- **What to work on**:
Search the data for the string "intro" and extract every line where it appears.

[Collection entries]
(* Let $\Delta$ be a finite saturated sample set and $\delta$ a $\Delta$-diagram. For every basic term $t$ and every homomorphism $h$ from the term algebra to $\mathbf{W}$, if $h(x)$ strongly extends $D_x(\delta)$ for each variable $x$ occurring in $t$, then $[\![t]\!]_h$ strongly extends $D_t(\delta)$.
   Context: Time warps: join-preserving maps $f\colon\omega^+\to\omega^+$, $\omega^+=\omega\cup\{\omega\}$, ordered pointwise; $p(m)=\bigvee\{k\in\omega\mid k<m\}$; $\mathbf{W}=\langle W,\wedge,\vee,\circ,{}^\star,\mathrm{id}\rangle$ with pointwise meet/join, composition, identity and $f^\star$ the largest time warp $h$ with $f\circ h\le p$; $\mathrm{last}(f)=\min\{m\in\omega^+\mid f(m)=f(\omega)\}$. Terms use $\wedge,\vee,\cdot,{}',1$ (interpreted as $\wedge,\vee,\circ,{}^\star,\mathrm{id}$); basic terms use only variables, $\cdot,{}',1$; $[\![t]\!]_h$ is the value of $t$ under $h$. Samples (formal expressions): $\alpha::=\kappa\mid t[\alpha]\mid \mathrm{suc}(\alpha)\mid\mathrm{last}(t)$ with $\kappa$ a time variable and $t$ a basic term. The relation $\leadsto$: $t[\alpha]\leadsto\alpha$, $\mathrm{suc}(\alpha)\leadsto\alpha$, $t[\alpha]\leadsto t[\mathrm{last}(t)]$, $(tu)[\alpha]\leadsto t[u[\alpha]]$, $t'[\alpha]\leadsto t[t'[\alpha]]$, $t'[\alpha]\leadsto t[\mathrm{suc}(t'[\alpha])]$; a sample set is saturated if closed under $\leadsto$. $S(n)=n+1$ for $n\in\omega$, $S(\omega)=\omega$. For saturated $\Delta$, a $\Delta$-diagram is $\delta\colon\Delta\to\omega^+$ such that, whenever the samples mentioned belong to $\Delta$: (1) $\delta(\alpha)\le\delta(\beta)\Rightarrow\delta(t[\alpha])\le\delta(t[\beta])$; (2) $\delta(\alpha)=0\Rightarrow\delta(t[\alpha])=0$; (3) $\delta(\mathrm{suc}(\alpha))=S(\delta(\alpha))$; (4) for $t[\alpha]\in\Delta$: $\delta(\mathrm{last}(t))\le\delta(\alpha)\iff\delta(t[\mathrm{last}(t)])=\delta(t[\alpha])$; (5) $\delta(\mathrm{last}(t))=\omega\Rightarrow\delta(t[\mathrm{last}(t)])=\omega$; (6) $\delta(1[\alpha])=\delta(\alpha)$; (7) $\delta(\mathrm{last}(1))=\omega$; (8) $\delta((tu)[\alpha])=\delta(t[u[\alpha]])$; (9) $\delta(\mathrm{last}(tu))=\omega\Rightarrow\delta(\mathrm{last}(t))=\delta(\mathrm{last}(u))=\omega$; (10) for $t'[\alpha]\in\Delta$: $0<\delta(\alpha)<\omega\Rightarrow\delta(t[t'[\alpha]])<\delta(\alpha)$; (11) for $t'[\alpha]\in\Delta$: $\delta(t'[\alpha])<\omega\Rightarrow\delta(\alpha)\le\delta(t[\mathrm{suc}(t'[\alpha])])$; (12) $\delta(\mathrm{last}(t'))=\omega\Rightarrow\delta(\mathrm{last}(t))=\omega$. For a basic term $t$, $D_t(\delta)=\{(\delta(\alpha),\delta(t[\alpha]))\mid t[\alpha]\in\Delta\}$. A time warp $f$ extends $D_t(\delta)$ if $f(i)=j$ for all $(i,j)\in D_t(\delta)$, and strongly extends it if moreover $D_t(\delta)\neq\emptyset$ and $\delta(\mathrm{last}(t))=\omega$ together imply $\mathrm{last}(f)=\omega$. *)

theory Defs
  imports Main "HOL-Library.Extended_Nat"
begin

text \<open>omega^+ is rendered as enat (infinity = omega).\<close>

type_synonym warp = "enat \<Rightarrow> enat"

definition time_warp :: "warp \<Rightarrow> bool" where
  "time_warp f \<longleftrightarrow> (\<forall>S. f (Sup S) = Sup (f ` S))"

definition pw :: "enat \<Rightarrow> enat" where
  "pw m = Sup {enat k | k. enat k < m}"

definition wstar :: "warp \<Rightarrow> warp" where
  "wstar f = (GREATEST h. time_warp h \<and> f \<circ> h \<le> pw)"

definition wlast :: "warp \<Rightarrow> enat" where
  "wlast f = (LEAST m. f m = f \<infinity>)"

datatype trm = Var nat | Meet trm trm | Join trm trm | Cmp trm trm | Star trm | One

fun basic :: "trm \<Rightarrow> bool" where
  "basic (Var x) = True"
| "basic (Meet t u) = False"
| "basic (Join t u) = False"
| "basic (Cmp t u) = (basic t \<and> basic u)"
| "basic (Star t) = basic t"
| "basic One = True"

fun vars :: "trm \<Rightarrow> nat set" where
  "vars (Var x) = {x}"
| "vars (Meet t u) = vars t \<union> vars u"
| "vars (Join t u) = vars t \<union> vars u"
| "vars (Cmp t u) = vars t \<union> vars u"
| "vars (Star t) = vars t"
| "vars One = {}"

fun eval :: "(nat \<Rightarrow> warp) \<Rightarrow> trm \<Rightarrow> warp" where
  "eval h (Var x) = h x"
| "eval h (Meet t u) = inf (eval h t) (eval h u)"
| "eval h (Join t u) = sup (eval h t) (eval h u)"
| "eval h (Cmp t u) = eval h t \<circ> eval h u"
| "eval h (Star t) = wstar (eval h t)"
| "eval h One = id"

datatype sample = TV nat | App trm sample | Sc sample | Lst trm

fun basic_sample :: "sample \<Rightarrow> bool" where
  "basic_sample (TV k) = True"
| "basic_sample (App t a) = (basic t \<and> basic_sample a)"
| "basic_sample (Sc a) = basic_sample a"
| "basic_sample (Lst t) = basic t"

inductive leadsto :: "sample \<Rightarrow> sample \<Rightarrow> bool" where
  "leadsto (App t a) a"
| "leadsto (Sc a) a"
| "leadsto (App t a) (App t (Lst t))"
| "leadsto (App (Cmp t u) a) (App t (App u a))"
| "leadsto (App (Star t) a) (App t (App (Star t) a))"
| "leadsto (App (Star t) a) (App t (Sc (App (Star t) a)))"

definition saturated :: "sample set \<Rightarrow> bool" where
  "saturated D \<longleftrightarrow> (\<forall>a\<in>D. \<forall>b. leadsto a b \<longrightarrow> b \<in> D)"

text \<open>S(n) = n+1, S(omega) = omega is exactly eSuc.\<close>
definition diagram :: "sample set \<Rightarrow> (sample \<Rightarrow> enat) \<Rightarrow> bool" where
  "diagram D d \<longleftrightarrow>
    (\<forall>t a b. a \<in> D \<and> b \<in> D \<and> App t a \<in> D \<and> App t b \<in> D \<and> d a \<le> d b
        \<longrightarrow> d (App t a) \<le> d (App t b)) \<and>
    (\<forall>t a. a \<in> D \<and> App t a \<in> D \<and> d a = 0 \<longrightarrow> d (App t a) = 0) \<and>
    (\<forall>a. a \<in> D \<and> Sc a \<in> D \<longrightarrow> d (Sc a) = eSuc (d a)) \<and>
    (\<forall>t a. App t a \<in> D \<and> a \<in> D \<and> Lst t \<in> D \<and> App t (Lst t) \<in> D \<longrightarrow>
        (d (Lst t) \<le> d a \<longleftrightarrow> d (App t (Lst t)) = d (App t a))) \<and>
    (\<forall>t. Lst t \<in> D \<and> App t (Lst t) \<in> D \<and> d (Lst t) = \<infinity> \<longrightarrow> d (App t (Lst t)) = \<infinity>) \<and>
    (\<forall>a. a \<in> D \<and> App One a \<in> D \<longrightarrow> d (App One a) = d a) \<and>
    (Lst One \<in> D \<longrightarrow> d (Lst One) = \<infinity>) \<and>
    (\<forall>t u a. App (Cmp t u) a \<in> D \<and> App t (App u a) \<in> D \<longrightarrow>
        d (App (Cmp t u) a) = d (App t (App u a))) \<and>
    (\<forall>t u. Lst (Cmp t u) \<in> D \<and> Lst t \<in> D \<and> Lst u \<in> D \<and> d (Lst (Cmp t u)) = \<infinity> \<longrightarrow>
        d (Lst t) = \<infinity> \<and> d (Lst u) = \<infinity>) \<and>
    (\<forall>t a. App (Star t) a \<in> D \<and> a \<in> D \<and> App t (App (Star t) a) \<in> D \<and> 0 < d a \<and> d a < \<infinity>
        \<longrightarrow> d (App t (App (Star t) a)) < d a) \<and>
    (\<forall>t a. App (Star t) a \<in> D \<and> a \<in> D \<and> App t (Sc (App (Star t) a)) \<in> D \<and>
        d (App (Star t) a) < \<infinity> \<longrightarrow> d a \<le> d (App t (Sc (App (Star t) a)))) \<and>
    (\<forall>t. Lst (Star t) \<in> D \<and> Lst t \<in> D \<and> d (Lst (Star t)) = \<infinity> \<longrightarrow> d (Lst t) = \<infinity>)"

definition Dt :: "sample set \<Rightarrow> (sample \<Rightarrow> enat) \<Rightarrow> trm \<Rightarrow> (enat \<times> enat) set" where
  "Dt D d t = {(d a, d (App t a)) | a. App t a \<in> D}"

definition extends :: "warp \<Rightarrow> (enat \<times> enat) set \<Rightarrow> bool" where
  "extends f R \<longleftrightarrow> (\<forall>(i, j) \<in> R. f i = j)"

definition strongly_extends :: "sample set \<Rightarrow> (sample \<Rightarrow> enat) \<Rightarrow> trm \<Rightarrow> warp \<Rightarrow> bool" where
  "strongly_extends D d t f \<longleftrightarrow> extends f (Dt D d t) \<and>
     (Dt D d t \<noteq> {} \<and> d (Lst t) = \<infinity> \<longrightarrow> wlast f = \<infinity>)"

end

theory Submission
  imports Defs
begin

(* Identity and composition are read off from
   clauses (6), (8) and (9) of a diagram. For t' with f = [[t]]\<^sub>h, the warp f\<^sup>\<star> is computed
   explicitly: f\<^sup>\<star>(n) is the supremum over k < n of the largest m with f(m) \<le> k. Whenever d(a)
   is finite, clauses (10) and (11) squeeze d(t'[a]) from both sides against f\<^sup>\<star>(d(a)).
   For d(a) = \<omega>, clause (4) replaces a by last(t'); if d(last(t')) = \<omega> as well, clause (12)
   and the hypothesis on t give last(f) = \<omega>, which forces f\<^sup>\<star>(\<omega>) = \<omega>. *)

lemma time_warp_sup: "time_warp f \<Longrightarrow> f (sup a b) = sup (f a) (f b)"
  unfolding time_warp_def by (metis Sup_insert ccSup_empty image_empty image_insert sup_bot.right_neutral)

lemma time_warp_mono: "time_warp f \<Longrightarrow> a \<le> b \<Longrightarrow> f a \<le> f b"
  by (metis sup.absorb_iff2 time_warp_sup)

lemma Sup_range_enat: "Sup (range enat) = \<infinity>"
  by (metis Sup_eq_top_iff enat_ord_simps(2) gt_ex less_infinityE range_eqI top_enat_def)

lemma time_warp_infinity: "time_warp f \<Longrightarrow> f \<infinity> = (SUP n. f (enat n))"
  unfolding time_warp_def by (metis Sup_range_enat image_image)

lemma time_warp_comp: "time_warp f \<Longrightarrow> time_warp g \<Longrightarrow> time_warp (f \<circ> g)"
  unfolding time_warp_def by (simp add: image_comp)

lemma time_warp_id: "time_warp id"
  unfolding time_warp_def by simp

lemma enat_eq_SUP_Suc_below: "n = (SUP k\<in>{k. enat k < n}. enat (Suc k))"
proof (rule order.antisym)
  show "(SUP k\<in>{k. enat k < n}. enat (Suc k)) \<le> n"
    by (rule SUP_least) (simp add: Suc_ile_eq)
  show "n \<le> (SUP k\<in>{k. enat k < n}. enat (Suc k))"
  proof (cases n)
    case (enat m)
    show ?thesis
    proof (cases m)
      case 0
      with enat show ?thesis by (simp add: zero_enat_def [symmetric])
    next
      case (Suc j)
      with enat show ?thesis by (auto intro: SUP_upper2 [of j])
    qed
  next
    case infinity
    have "\<infinity> = (SUP k. enat k)" by (simp add: Sup_range_enat)
    also have "\<dots> \<le> (SUP k. enat (Suc k))" by (rule SUP_mono') simp
    finally show ?thesis using infinity by simp
  qed
qed

lemma wlast_eq_infinity_iff:
  assumes "time_warp f"
  shows "wlast f = \<infinity> \<longleftrightarrow> f \<infinity> = \<infinity> \<and> (\<forall>n. f (enat n) \<noteq> \<infinity>)"
proof
  assume "wlast f = \<infinity>"
  then have never: "f (enat n) \<noteq> f \<infinity>" for n
    unfolding wlast_def using Least_le[of "\<lambda>m. f m = f \<infinity>" "enat n"] by auto
  have "f \<infinity> = \<infinity>"
  proof (rule ccontr)
    assume "f \<infinity> \<noteq> \<infinity>"
    then obtain c where c: "f \<infinity> = enat c" by auto
    have "eSuc (f (enat n)) \<le> f \<infinity>" for n
      using never[of n] time_warp_mono[OF assms, of "enat n" \<infinity>] by (simp add: ileI1 order_less_le)
    then have "eSuc (f \<infinity>) \<le> f \<infinity>"
      by (simp add: time_warp_infinity[OF assms] eSuc_Sup image_image SUP_least)
    with c show False by (simp add: eSuc_enat)
  qed
  with never show "f \<infinity> = \<infinity> \<and> (\<forall>n. f (enat n) \<noteq> \<infinity>)" by simp
next
  assume finite_below: "f \<infinity> = \<infinity> \<and> (\<forall>n. f (enat n) \<noteq> \<infinity>)"
  show "wlast f = \<infinity>"
    unfolding wlast_def
  proof (rule Least_equality)
    fix m
    assume "f m = f \<infinity>"
    with finite_below show "\<infinity> \<le> m" by (cases m) (auto simp del: not_infinity_eq)
  qed simp
qed

definition resid :: "warp \<Rightarrow> nat \<Rightarrow> enat" where
  "resid f k = Sup {m. f m \<le> enat k}"

definition star_warp :: "warp \<Rightarrow> warp" where
  "star_warp f n = (SUP k\<in>{k. enat k < n}. resid f k)"

lemma resid_apply_le: "time_warp f \<Longrightarrow> f (resid f k) \<le> enat k"
  unfolding resid_def time_warp_def by (auto intro: SUP_least)

lemma time_warp_star_warp: "time_warp (star_warp f)"
  unfolding time_warp_def
proof
  fix S :: "enat set"
  have "{k. enat k < Sup S} = (\<Union>s\<in>S. {k. enat k < s})"
    by (auto simp: less_Sup_iff)
  then show "star_warp f (Sup S) = Sup (star_warp f ` S)"
    unfolding star_warp_def by (simp only: SUP_UNION)
qed

lemma star_warp_below_pw:
  assumes "time_warp f"
  shows "f (star_warp f n) \<le> pw n"
proof -
  have "f (resid f k) \<le> pw n" if "enat k < n" for k
    using resid_apply_le[OF assms, of k] that unfolding pw_def
    by (blast intro: order.trans Sup_upper)
  then show ?thesis
    using assms unfolding star_warp_def time_warp_def by (auto simp: image_image intro!: SUP_least)
qed

lemma star_warp_greatest:
  assumes h: "time_warp h" and below: "f \<circ> h \<le> pw"
  shows "h \<le> star_warp f"
proof (rule le_funI)
  fix n
  have "h (enat (Suc k)) \<le> resid f k" for k
  proof -
    have "pw (enat (Suc k)) \<le> enat k"
      unfolding pw_def by (rule Sup_least) auto
    with below have "f (h (enat (Suc k))) \<le> enat k"
      by (metis comp_apply le_funD order.trans)
    then show ?thesis unfolding resid_def by (simp add: Sup_upper)
  qed
  then have "(SUP k\<in>{k. enat k < n}. h (enat (Suc k))) \<le> star_warp f n"
    unfolding star_warp_def by (rule SUP_mono')
  moreover have "h n = (SUP k\<in>{k. enat k < n}. h (enat (Suc k)))"
    using h unfolding time_warp_def by (metis enat_eq_SUP_Suc_below image_image)
  ultimately show "h n \<le> star_warp f n" by simp
qed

- **Finished task**:
      with enat show ?thesis by (auto intro: SUP_upper2 [of j])
  unfolding resid_def time_warp_def by (auto intro: SUP_least)
    by (blast intro: order.trans Sup_upper)
    using assms unfolding star_warp_def time_warp_def by (auto simp: image_image intro!: SUP_least)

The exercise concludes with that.